Félix Alonso

Personal information
- Full name: Félix Rafael Alonso Expósito
- Date of birth: 29 December 2000 (age 24)
- Place of birth: Santa Cruz de Tenerife, Spain
- Height: 1.85 m (6 ft 1 in)
- Position(s): Midfielder

Youth career
- 0000: Tenerife
- 0000: Llamoro
- 2018–2019: Sobradillo

Senior career*
- Years: Team / Apps / (Gls)
- 2019–2020: Santa Úrsula / 26 / (1)
- 2020–2025: Tenerife B / 90 / (3)
- 2020–2022: Tenerife / 1 / (0)
- 2022–2023: → Atlético Paso (loan) / 3 / (0)
- 2023: → Tarazona (loan) / 8 / (0)

= Félix Alonso =

Spanish footballer

Félix Rafael Alonso Expósito (born 29 December 2000) is a Spanish footballer who plays as a central midfielder.

==Club career==
Born in Santa Cruz de Tenerife, Canary Islands, Alonso represented CD Tenerife, CD Llamoro and CD Sobradillo as a youth. In 2019, after finishing his formation, he joined Tercera División side CD Santa Úrsula.

Alonso made his senior debut on 25 August 2019, coming on as a second-half substitute in a 1–1 away draw against UD Lanzarote. He scored his first senior goal on 28 September, netting his team's third in a 3–1 home win against UD Las Palmas C.
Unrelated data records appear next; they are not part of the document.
(* Let $I$ be a set with a non-trivial ultrafilter $\mathcal U$, $n\in\mathbb{N}$, $r>0$, and for each $i\in I$ let $E_i$ be an order continuous Banach lattice with a weak unit and $M_i$ an $(n,r)$-dispersed closed subspace of $E_i$. Then $(M_i)_{\mathcal U}$ is an $(n,r)$-dispersed subspace of $(E_i)_{\mathcal U}$.
   Context: A Banach lattice is order continuous if every net decreasing in order to $0$ converges in norm to $0$; $e\ge0$ is a weak unit if $|x|\wedge e=0$ implies $x=0$. Ultraproducts: $(X_i)_{\mathcal U}=\ell_\infty(I,X_i)/\{(x_i):\lim_{\mathcal U}\|x_i\|=0\}$, a Banach lattice when the $X_i$ are, with $[(x_i)]\le[(y_i)]$ iff there is $(z_i)$ with $\lim_{\mathcal U}\|z_i\|=0$ and $x_i+z_i\le y_i$ for all $i$; $(M_i)_{\mathcal U}$ is identified with the closed subspace $\{[(x_i)]: x_i\in M_i\}$ of $(E_i)_{\mathcal U}$. A closed subspace $M$ of a Banach lattice $F$ is $(n,r)$-dispersed if for every pairwise disjoint family $x_1,\dots,x_n$ of norm-one vectors of $F$ there is $i\in\{1,\dots,n\}$ with $\mathrm{dist}(x_i,M)\ge r$. *)

theory Defs
  imports "HOL-Analysis.Analysis"
begin

definition is_ultrafilter :: "'i filter \<Rightarrow> bool" where
  "is_ultrafilter U \<longleftrightarrow> U \<noteq> bot \<and> (\<forall>P. eventually P U \<or> eventually (\<lambda>i. \<not> P i) U)"

text \<open>non-trivial = non-principal (free): contains no singleton\<close>
definition is_free_filter :: "'i filter \<Rightarrow> bool" where
  "is_free_filter U \<longleftrightarrow> (\<forall>i. \<not> eventually (\<lambda>j. j = i) U)"

record 'a blat =
  bl_carrier :: "'a set"
  bl_zero :: 'a
  bl_add :: "'a \<Rightarrow> 'a \<Rightarrow> 'a"
  bl_smult :: "real \<Rightarrow> 'a \<Rightarrow> 'a"
  bl_norm :: "'a \<Rightarrow> real"
  bl_le :: "'a \<Rightarrow> 'a \<Rightarrow> bool"

definition bl_neg :: "'a blat \<Rightarrow> 'a \<Rightarrow> 'a" where
  "bl_neg E x = bl_smult E (-1) x"

definition bl_minus :: "'a blat \<Rightarrow> 'a \<Rightarrow> 'a \<Rightarrow> 'a" where
  "bl_minus E x y = bl_add E x (bl_neg E y)"

definition bl_vector_space :: "'a blat \<Rightarrow> bool" where
  "bl_vector_space E \<longleftrightarrow>
     bl_zero E \<in> bl_carrier E \<and>
     (\<forall>x\<in>bl_carrier E. \<forall>y\<in>bl_carrier E. bl_add E x y \<in> bl_carrier E) \<and>
     (\<forall>c. \<forall>x\<in>bl_carrier E. bl_smult E c x \<in> bl_carrier E) \<and>
     (\<forall>x\<in>bl_carrier E. \<forall>y\<in>bl_carrier E. \<forall>z\<in>bl_carrier E.
        bl_add E (bl_add E x y) z = bl_add E x (bl_add E y z)) \<and>
     (\<forall>x\<in>bl_carrier E. \<forall>y\<in>bl_carrier E. bl_add E x y = bl_add E y x) \<and>
     (\<forall>x\<in>bl_carrier E. bl_add E x (bl_zero E) = x) \<and>
     (\<forall>x\<in>bl_carrier E. bl_add E x (bl_neg E x) = bl_zero E) \<and>
     (\<forall>x\<in>bl_carrier E. bl_smult E 1 x = x) \<and>
     (\<forall>a b. \<forall>x\<in>bl_carrier E. bl_smult E a (bl_smult E b x) = bl_smult E (a * b) x) \<and>
     (\<forall>a b. \<forall>x\<in>bl_carrier E. bl_smult E (a + b) x = bl_add E (bl_smult E a x) (bl_smult E b x)) \<and>
     (\<forall>a. \<forall>x\<in>bl_carrier E. \<forall>y\<in>bl_carrier E.
        bl_smult E a (bl_add E x y) = bl_add E (bl_smult E a x) (bl_smult E a y))"

definition bl_normed :: "'a blat \<Rightarrow> bool" where
  "bl_normed E \<longleftrightarrow>
     (\<forall>x\<in>bl_carrier E. bl_norm E x \<ge> 0 \<and> (bl_norm E x = 0 \<longleftrightarrow> x = bl_zero E)) \<and>
     (\<forall>a. \<forall>x\<in>bl_carrier E. bl_norm E (bl_smult E a x) = \<bar>a\<bar> * bl_norm E x) \<and>
     (\<forall>x\<in>bl_carrier E. \<forall>y\<in>bl_carrier E. bl_norm E (bl_add E x y) \<le> bl_norm E x + bl_norm E y)"

definition bl_complete :: "'a blat \<Rightarrow> bool" where
  "bl_complete E \<longleftrightarrow>
     (\<forall>s::nat \<Rightarrow> 'a. (\<forall>k. s k \<in> bl_carrier E) \<and>
        (\<forall>e>0. \<exists>N. \<forall>m\<ge>N. \<forall>k\<ge>N. bl_norm E (bl_minus E (s m) (s k)) < e) \<longrightarrow>
        (\<exists>x\<in>bl_carrier E. \<forall>e>0. \<exists>N. \<forall>k\<ge>N. bl_norm E (bl_minus E (s k) x) < e))"

definition bl_ordered :: "'a blat \<Rightarrow> bool" where
  "bl_ordered E \<longleftrightarrow>
     (\<forall>x y. bl_le E x y \<longrightarrow> x \<in> bl_carrier E \<and> y \<in> bl_carrier E) \<and>
     (\<forall>x\<in>bl_carrier E. bl_le E x x) \<and>
     (\<forall>x y. bl_le E x y \<and> bl_le E y x \<longrightarrow> x = y) \<and>
     (\<forall>x y z. bl_le E x y \<and> bl_le E y z \<longrightarrow> bl_le E x z) \<and>
     (\<forall>x y. \<forall>z\<in>bl_carrier E. bl_le E x y \<longrightarrow> bl_le E (bl_add E x z) (bl_add E y z)) \<and>
     (\<forall>x y. \<forall>c\<ge>0. bl_le E x y \<longrightarrow> bl_le E (bl_smult E c x) (bl_smult E c y))"

definition bl_is_sup :: "'a blat \<Rightarrow> 'a \<Rightarrow> 'a \<Rightarrow> 'a \<Rightarrow> bool" where
  "bl_is_sup E x y z \<longleftrightarrow> z \<in> bl_carrier E \<and> bl_le E x z \<and> bl_le E y z \<and>
     (\<forall>w. bl_le E x w \<and> bl_le E y w \<longrightarrow> bl_le E z w)"

definition bl_is_inf :: "'a blat \<Rightarrow> 'a \<Rightarrow> 'a \<Rightarrow> 'a \<Rightarrow> bool" where
  "bl_is_inf E x y z \<longleftrightarrow> z \<in> bl_carrier E \<and> bl_le E z x \<and> bl_le E z y \<and>
     (\<forall>w. bl_le E w x \<and> bl_le E w y \<longrightarrow> bl_le E w z)"

definition bl_sup :: "'a blat \<Rightarrow> 'a \<Rightarrow> 'a \<Rightarrow> 'a" where
  "bl_sup E x y = (THE z. bl_is_sup E x y z)"

definition bl_inf :: "'a blat \<Rightarrow> 'a \<Rightarrow> 'a \<Rightarrow> 'a" where
  "bl_inf E x y = (THE z. bl_is_inf E x y z)"

definition bl_abs :: "'a blat \<Rightarrow> 'a \<Rightarrow> 'a" where
  "bl_abs E x = bl_sup E x (bl_neg E x)"

definition bl_lattice :: "'a blat \<Rightarrow> bool" where
  "bl_lattice E \<longleftrightarrow> (\<forall>x\<in>bl_carrier E. \<forall>y\<in>bl_carrier E.
      (\<exists>z. bl_is_sup E x y z) \<and> (\<exists>z. bl_is_inf E x y z))"

definition banach_lattice :: "'a blat \<Rightarrow> bool" where
  "banach_lattice E \<longleftrightarrow> bl_vector_space E \<and> bl_normed E \<and> bl_complete E \<and>
     bl_ordered E \<and> bl_lattice E \<and>
     (\<forall>x\<in>bl_carrier E. \<forall>y\<in>bl_carrier E.
        bl_le E (bl_abs E x) (bl_abs E y) \<longrightarrow> bl_norm E x \<le> bl_norm E y)"

text \<open>Order continuity: every net decreasing in order to 0 is norm null.  A decreasing net
  is represented by its (downward directed) range; the net is order-null iff the range has
  infimum 0, and norm-null iff the norms of its elements get arbitrarily small.\<close>
definition order_continuous :: "'a blat \<Rightarrow> bool" where
  "order_continuous E \<longleftrightarrow>
     (\<forall>D. D \<subseteq> bl_carrier E \<and> D \<noteq> {} \<and>
        (\<forall>a\<in>D. \<forall>b\<in>D. \<exists>c\<in>D. bl_le E c a \<and> bl_le E c b) \<and>
        (\<forall>d\<in>D. bl_le E (bl_zero E) d) \<and>
        (\<forall>w. (\<forall>d\<in>D. bl_le E w d) \<longrightarrow> bl_le E w (bl_zero E)) \<longrightarrow>
        (\<forall>e>0. \<exists>d\<in>D. bl_norm E d < e))"

definition has_weak_unit :: "'a blat \<Rightarrow> bool" where
  "has_weak_unit E \<longleftrightarrow> (\<exists>e. bl_le E (bl_zero E) e \<and>
     (\<forall>x\<in>bl_carrier E. bl_inf E (bl_abs E x) e = bl_zero E \<longrightarrow> x = bl_zero E))"

definition bl_disjoint :: "'a blat \<Rightarrow> 'a \<Rightarrow> 'a \<Rightarrow> bool" where
  "bl_disjoint E x y \<longleftrightarrow> bl_inf E (bl_abs E x) (bl_abs E y) = bl_zero E"

definition closed_subspace :: "'a blat \<Rightarrow> 'a set \<Rightarrow> bool" where
  "closed_subspace E M \<longleftrightarrow> M \<subseteq> bl_carrier E \<and> bl_zero E \<in> M \<and>
     (\<forall>x\<in>M. \<forall>y\<in>M. bl_add E x y \<in> M) \<and> (\<forall>c. \<forall>x\<in>M. bl_smult E c x \<in> M) \<and>
     (\<forall>s x. (\<forall>k::nat. s k \<in> M) \<and> x \<in> bl_carrier E \<and>
        (\<forall>e>0. \<exists>N. \<forall>k\<ge>N. bl_norm E (bl_minus E (s k) x) < e) \<longrightarrow> x \<in> M)"

definition bl_dist :: "'a blat \<Rightarrow> 'a \<Rightarrow> 'a set \<Rightarrow> real" where
  "bl_dist E x M = Inf ((\<lambda>m. bl_norm E (bl_minus E x m)) ` M)"

text \<open>(n,r)-dispersed closed subspace; the family x_1..x_n is indexed by {..<n}\<close>
definition dispersed :: "nat \<Rightarrow> real \<Rightarrow> 'a blat \<Rightarrow> 'a set \<Rightarrow> bool" where
  "dispersed n r F M \<longleftrightarrow> closed_subspace F M \<and>
     (\<forall>x::nat \<Rightarrow> 'a.
        (\<forall>k<n. x k \<in> bl_carrier F \<and> bl_norm F (x k) = 1) \<and>
        (\<forall>k<n. \<forall>l<n. k \<noteq> l \<longrightarrow> bl_disjoint F (x k) (x l)) \<longrightarrow>
        (\<exists>k<n. bl_dist F (x k) M \<ge> r))"

definition up_linf :: "('i \<Rightarrow> 'a blat) \<Rightarrow> ('i \<Rightarrow> 'a) set" where
  "up_linf E = {x. (\<forall>i. x i \<in> bl_carrier (E i)) \<and> bdd_above (range (\<lambda>i. bl_norm (E i) (x i)))}"

definition up_null :: "('i \<Rightarrow> 'a blat) \<Rightarrow> 'i filter \<Rightarrow> ('i \<Rightarrow> 'a) set" where
  "up_null E U = {x \<in> up_linf E. ((\<lambda>i. bl_norm (E i) (x i)) \<longlongrightarrow> 0) U}"

definition up_class :: "('i \<Rightarrow> 'a blat) \<Rightarrow> 'i filter \<Rightarrow> ('i \<Rightarrow> 'a) \<Rightarrow> ('i \<Rightarrow> 'a) set" where
  "up_class E U x = {y \<in> up_linf E. (\<lambda>i. bl_minus (E i) (x i) (y i)) \<in> up_null E U}"

definition up_rep :: "('i \<Rightarrow> 'a) set \<Rightarrow> 'i \<Rightarrow> 'a" where
  "up_rep X = (SOME x. x \<in> X)"

definition ultraproduct :: "('i \<Rightarrow> 'a blat) \<Rightarrow> 'i filter \<Rightarrow> ('i \<Rightarrow> 'a) set blat" where
  "ultraproduct E U =
     \<lparr> bl_carrier = up_class E U ` up_linf E,
       bl_zero = up_class E U (\<lambda>i. bl_zero (E i)),
       bl_add = (\<lambda>X Y. up_class E U (\<lambda>i. bl_add (E i) (up_rep X i) (up_rep Y i))),
       bl_smult = (\<lambda>c X. up_class E U (\<lambda>i. bl_smult (E i) c (up_rep X i))),
       bl_norm = (\<lambda>X. Lim U (\<lambda>i. bl_norm (E i) (up_rep X i))),
       bl_le = (\<lambda>X Y. X \<in> up_class E U ` up_linf E \<and> Y \<in> up_class E U ` up_linf E \<and>
                  (\<exists>z\<in>up_null E U. \<forall>i.
                     bl_le (E i) (bl_add (E i) (up_rep X i) (z i)) (up_rep Y i))) \<rparr>"

text \<open>(M_i)_U identified with the subspace of classes of bounded families with x_i in M_i\<close>
definition ultraproduct_sub ::
  "('i \<Rightarrow> 'a blat) \<Rightarrow> 'i filter \<Rightarrow> ('i \<Rightarrow> 'a set) \<Rightarrow> ('i \<Rightarrow> 'a) set set" where
  "ultraproduct_sub E U M = up_class E U ` {x \<in> up_linf E. \<forall>i. x i \<in> M i}"

end

theory Submission
  imports Defs
begin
On 23 June 2020, Alonso returned to Tenerife and was assigned to the B-team also in the fourth division. He made his first team debut on 29 May of the following year, replacing fellow youth graduate Javi Alonso in a 2–2 home draw against Real Oviedo in the Segunda División championship.